A small smile tugged my lips. At least we saw eye to eye on that. “You’d tell me… if you knew where he’d gone?” My voice barely hid the emotional roller coaster I was on.
Joslyn rolled her eyes. “The minute I know, I’ll tell you. I personally want to be there when you lace into him. And if it stops you worrying, I was saying goodbye to Nikolai.”
My ears pricked at her tone. Oh no, she wasn’t interested in him, was she? Before I could worry, unhappiness slammed into me again. Jos thought I’d see Liam soon. I didn’t have the heart to tell her I wasn’t holding my breath on that happening. If what the doctor said was true, the twenty percent chance he might heal and come back to me were sl
im. I couldn’t wait around pining for him. I’d go insane. The only way my heart would mend, and I could continue living with the gaping cannonball-sized hole in my chest, was to let Liam go. Just like he let me go.
Joslyn stepped over the lip of the air bridge and onto the plane.

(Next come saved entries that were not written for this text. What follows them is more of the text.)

(* Let $\tau>0$ and $S\subset V$, and let $S'=\{i\in V:(e^{-\tau\Delta}\chi_S)_i\ge\frac12\}$ be the result of one MBO iteration started from $S$. Let $\rho$ be the spectral radius of $\Delta$. Then $S'=S$, i.e. the MBO iterates starting from $S$ are stationary, if either of the following holds: (i) $S\ne\emptyset$ and $$\tau<\tau_\rho(S):=\rho^{-1}\log\Big(1+\tfrac12\,d_-^{r/2}(\mathrm{vol}\,S)^{-1/2}\Big);$$ (ii) $\Delta\chi_S\ne0$ and $$\tau\le\tau_\kappa(S):=\frac1{2\max_{i\in V}|(\Delta\chi_S)_i|}.$$
   Context: $G=(V,E)$ is a finite undirected weighted graph with vertex set $V=\{1,\dots,n\}$. The weights satisfy $\omega_{ij}=\omega_{ji}\ge0$, with $\omega_{ij}>0$ iff $\{i,j\}\in E$, and $\omega_{ii}=0$. The degrees are $d_i=\sum_j\omega_{ij}>0$, and $d_-=\min_id_i$. A parameter $r\in[0,1]$ is fixed. $\mathcal V$ is the space of functions $V\to\mathbb R$ with $\langle u,v\rangle_{\mathcal V}=\sum_iu_iv_id_i^r$. For $S\subset V$, $\chi_S$ is the indicator of $S$ and $\mathrm{vol}\,S=\sum_{i\in S}d_i^r$. The graph Laplacian is $(\Delta u)_i=d_i^{-r}\sum_j\omega_{ij}(u_i-u_j)$, which is self-adjoint and positive semidefinite for $\langle\cdot,\cdot\rangle_{\mathcal V}$. $e^{-t\Delta}$ is the solution operator of $\dot u=-\Delta u$. *)

theory Defs
  imports "HOL-Analysis.Analysis"
begin

definition degree :: "('v::finite \<Rightarrow> 'v \<Rightarrow> real) \<Rightarrow> 'v \<Rightarrow> real" where
  "degree w i = (\<Sum>j\<in>UNIV. w i j)"

definition min_degree :: "('v::finite \<Rightarrow> 'v \<Rightarrow> real) \<Rightarrow> real" where
  "min_degree w = Min (range (degree w))"

definition vol :: "('v::finite \<Rightarrow> 'v \<Rightarrow> real) \<Rightarrow> real \<Rightarrow> 'v set \<Rightarrow> real" where
  "vol w r S = (\<Sum>i\<in>S. degree w i powr r)"

definition graph_laplacian ::
  "('v::finite \<Rightarrow> 'v \<Rightarrow> real) \<Rightarrow> real \<Rightarrow> ('v \<Rightarrow> real) \<Rightarrow> ('v \<Rightarrow> real)" where
  "graph_laplacian w r u = (\<lambda>i. degree w i powr (- r) * (\<Sum>j\<in>UNIV. w i j * (u i - u j)))"

text \<open>The same linear operator acting on complex-valued functions (for the spectrum).\<close>
definition graph_laplacian_c ::
  "('v::finite \<Rightarrow> 'v \<Rightarrow> real) \<Rightarrow> real \<Rightarrow> ('v \<Rightarrow> complex) \<Rightarrow> ('v \<Rightarrow> complex)" where
  "graph_laplacian_c w r u =
     (\<lambda>i. complex_of_real (degree w i powr (- r)) *
          (\<Sum>j\<in>UNIV. complex_of_real (w i j) * (u i - u j)))"

definition laplacian_eigenvalues :: "('v::finite \<Rightarrow> 'v \<Rightarrow> real) \<Rightarrow> real \<Rightarrow> complex set" where
  "laplacian_eigenvalues w r =
     {c. \<exists>u::'v \<Rightarrow> complex. u \<noteq> (\<lambda>_. 0) \<and> graph_laplacian_c w r u = (\<lambda>i. c * u i)}"

definition laplacian_spectral_radius :: "('v::finite \<Rightarrow> 'v \<Rightarrow> real) \<Rightarrow> real \<Rightarrow> real" where
  "laplacian_spectral_radius w r = Sup (cmod ` laplacian_eigenvalues w r)"

definition heat :: "('v::finite \<Rightarrow> 'v \<Rightarrow> real) \<Rightarrow> real \<Rightarrow> real \<Rightarrow> ('v \<Rightarrow> real) \<Rightarrow> ('v \<Rightarrow> real)" where
  "heat w r t u = (\<lambda>i. \<Sum>k. (- t) ^ k / fact k * ((graph_laplacian w r ^^ k) u) i)"

definition mbo_step :: "('v::finite \<Rightarrow> 'v \<Rightarrow> real) \<Rightarrow> real \<Rightarrow> real \<Rightarrow> 'v set \<Rightarrow> 'v set" where
  "mbo_step w r \<tau> S = {i. heat w r \<tau> (indicator S) i \<ge> 1/2}"

end

theory Submission
  imports Defs
begin

text \<open>
  (i) \<open>\<Delta>\<close> is self-adjoint and positive semidefinite for \<open>\<langle>\<cdot>,\<cdot>\<rangle>\<^sub>\<V>\<close>, so the maximum \<open>\<mu>\<close> of its
  Rayleigh quotient is an eigenvalue, \<open>\<mu> \<le> \<rho>\<close>, and \<open>\<parallel>\<Delta>^k u\<parallel> \<le> \<mu>^k \<parallel>u\<parallel>\<close>. Since
  \<open>\<parallel>\<chi>\<^sub>S\<parallel> = (vol S)^(1/2)\<close> and \<open>|u\<^sub>i| \<le> d\<^sub>-^(-r/2) \<parallel>u\<parallel>\<close>, summing the exponential series gives
  \<open>|e^(-\<tau>\<Delta>)\<chi>\<^sub>S - \<chi>\<^sub>S| \<le> (e^(\<tau>\<rho>) - 1) d\<^sub>-^(-r/2) (vol S)^(1/2) < 1/2\<close> pointwise.

  (ii) Writing \<open>\<Delta> = c - (c - \<Delta>)\<close> with \<open>c - \<Delta>\<close> entrywise nonnegative shows that the heat
  semigroup preserves positivity, hence does not increase the sup norm. By the mean value theorem
  \<open>e^(-\<tau>\<Delta>)\<chi>\<^sub>S\<close> differs from \<open>\<chi>\<^sub>S\<close> by at most \<open>\<tau> max |\<Delta>\<chi>\<^sub>S| \<le> 1/2\<close>, with strict inequality
  off \<open>S\<close>.
\<close>

definition l1_norm :: "('v::finite \<Rightarrow> real) \<Rightarrow> real" where
  "l1_norm v = (\<Sum>j\<in>UNIV. \<bar>v j\<bar>)"

lemma abs_le_l1_norm: "\<bar>v i\<bar> \<le> l1_norm v"
  unfolding l1_norm_def by (rule member_le_sum) auto

lemma l1_norm_funpow_le:
  fixes T :: "('v::finite \<Rightarrow> real) \<Rightarrow> 'v \<Rightarrow> real"
  assumes T: "\<And>u. l1_norm (T u) \<le> R * l1_norm u" and R: "R \<ge> 0"
  shows "l1_norm ((T ^^ k) u) \<le> R ^ k * l1_norm u"
proof (induction k)
  case 0
  then show ?case by simp
next
  case (Suc k)
  have "l1_norm ((T ^^ Suc k) u) \<le> R * l1_norm ((T ^^ k) u)"
    using T by simp
  also have "\<dots> \<le> R * (R ^ k * l1_norm u)"
    using Suc R by (rule mult_left_mono)
  finally show ?case by (simp add: mult_ac)
qed

lemma exp_series_summable_abs:
  fixes T :: "('v::finite \<Rightarrow> real) \<Rightarrow> 'v \<Rightarrow> real"
  assumes "\<And>u. l1_norm (T u) \<le> R * l1_norm u" and "R \<ge> 0"
  shows "summable (\<lambda>k. \<bar>t ^ k / fact k * (T ^^ k) v i\<bar>)"
proof (rule summable_comparison_test')
  show "summable (\<lambda>k. (\<bar>t\<bar> * R) ^ k / fact k * l1_norm v)"
    using summable_exp_generic[of "\<bar>t\<bar> * R"]
    by (intro summable_mult2) (simp add: divide_inverse mult.commute)
  fix k :: nat
  have "\<bar>(T ^^ k) v i\<bar> \<le> R ^ k * l1_norm v"
    using abs_le_l1_norm l1_norm_funpow_le[OF assms] by (rule order_trans)
  then have "\<bar>t\<bar> ^ k / fact k * \<bar>(T ^^ k) v i\<bar> \<le> \<bar>t\<bar> ^ k / fact k * (R ^ k * l1_norm v)"
    by (rule mult_left_mono) simp
  then show "norm \<bar>t ^ k / fact k * (T ^^ k) v i\<bar> \<le> (\<bar>t\<bar> * R) ^ k / fact k * l1_norm v"
    by (simp add: abs_mult power_abs power_mult_distrib mult_ac)
qed

lemma exp_estimate_below_tau_rho:
  fixes \<tau> \<mu> \<rho> m V :: real
  assumes "0 \<le> \<mu>" "\<mu> \<le> \<rho>" "\<tau> > 0" "m > 0" "V > 0"
    and tau_rho: "\<tau> < ln (1 + 1/2 * m * V powr (-1/2)) / \<rho>"
  shows "(exp (\<tau> * \<mu>) - 1) * (sqrt V / m) < 1/2"
proof -
  have "\<rho> > 0"
    using assms by (cases "\<rho> = 0") auto
  then have "\<tau> * \<rho> < ln (1 + 1/2 * m * V powr (-1/2))"
    using tau_rho by (simp add: pos_less_divide_eq)
  moreover have "\<tau> * \<mu> \<le> \<tau> * \<rho>"
    using assms by simp
  ultimately have "\<tau> * \<mu> < ln (1 + 1/2 * m * V powr (-1/2))"
    by linarith
  moreover have "1 + 1/2 * m * V powr (-1/2) > 0"
    using \<open>m > 0\<close> by (simp add: add_pos_nonneg)
  ultimately have "exp (\<tau> * \<mu>) < 1 + 1/2 * m * V powr (-1/2)"
    by (metis exp_less_cancel_iff exp_ln)
  then show ?thesis
    using \<open>V > 0\<close> \<open>m > 0\<close> by (simp add: powr_minus powr_half_sqrt field_simps)
qed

I followed and the moment my foot touched the carpeted aisle, my world imploded into a flashback.
Flames.
Hot.
Gusty.
Time warped, and I hurtled back to the crash, reliving everything in minute detail.
A sonorous boom tore through the air, smashing into my eardrums with the force of a fist.
Fuck!
The plane bucked and shuddered as shrieking metal and thundering pandemonium hammered the cabin.
The plane jerked, bucked, and yawed.
I took a deep breath. Then my stomach was left at ten thousand feet as we nosedived.
My flashback was interrupted by a passenger jostling behind me. I moved forward, following the procession onboard. The moment I took my seat, it continued, sucking me into the past my mind had tried to forget.
I fast forwarded through talking to Anderson and Liam on the inflight phone, dealing with scared passengers. And just when I thought I remembered everything, that my stint in a hospital was a crazy mistake, my brain unlocked what really happened.
We soared lower and lower to the sparkling teal ocean.
The split moment before we touched down, I took a deep breath and held it. Gripping my harness over my breasts, I closed my eyes.
The plane shattered against tarmac—the teeth-clenching metallic screech scraped along my bones. We bounced into the sky again, and my harness unlocked. I flew to the ceiling with the bucking of the plane, my neck crumbled, and I splatted against the aircraft floor.
Pain. Unbearable, unimaginable pain jack-knifed down my spine. My vision turned grey as adrenaline tried to suck me under to stop dealing with the agony.
The metallic screeching kept getting louder. We bounced and kangarooed down the runway till a wing tip connected with tarmac.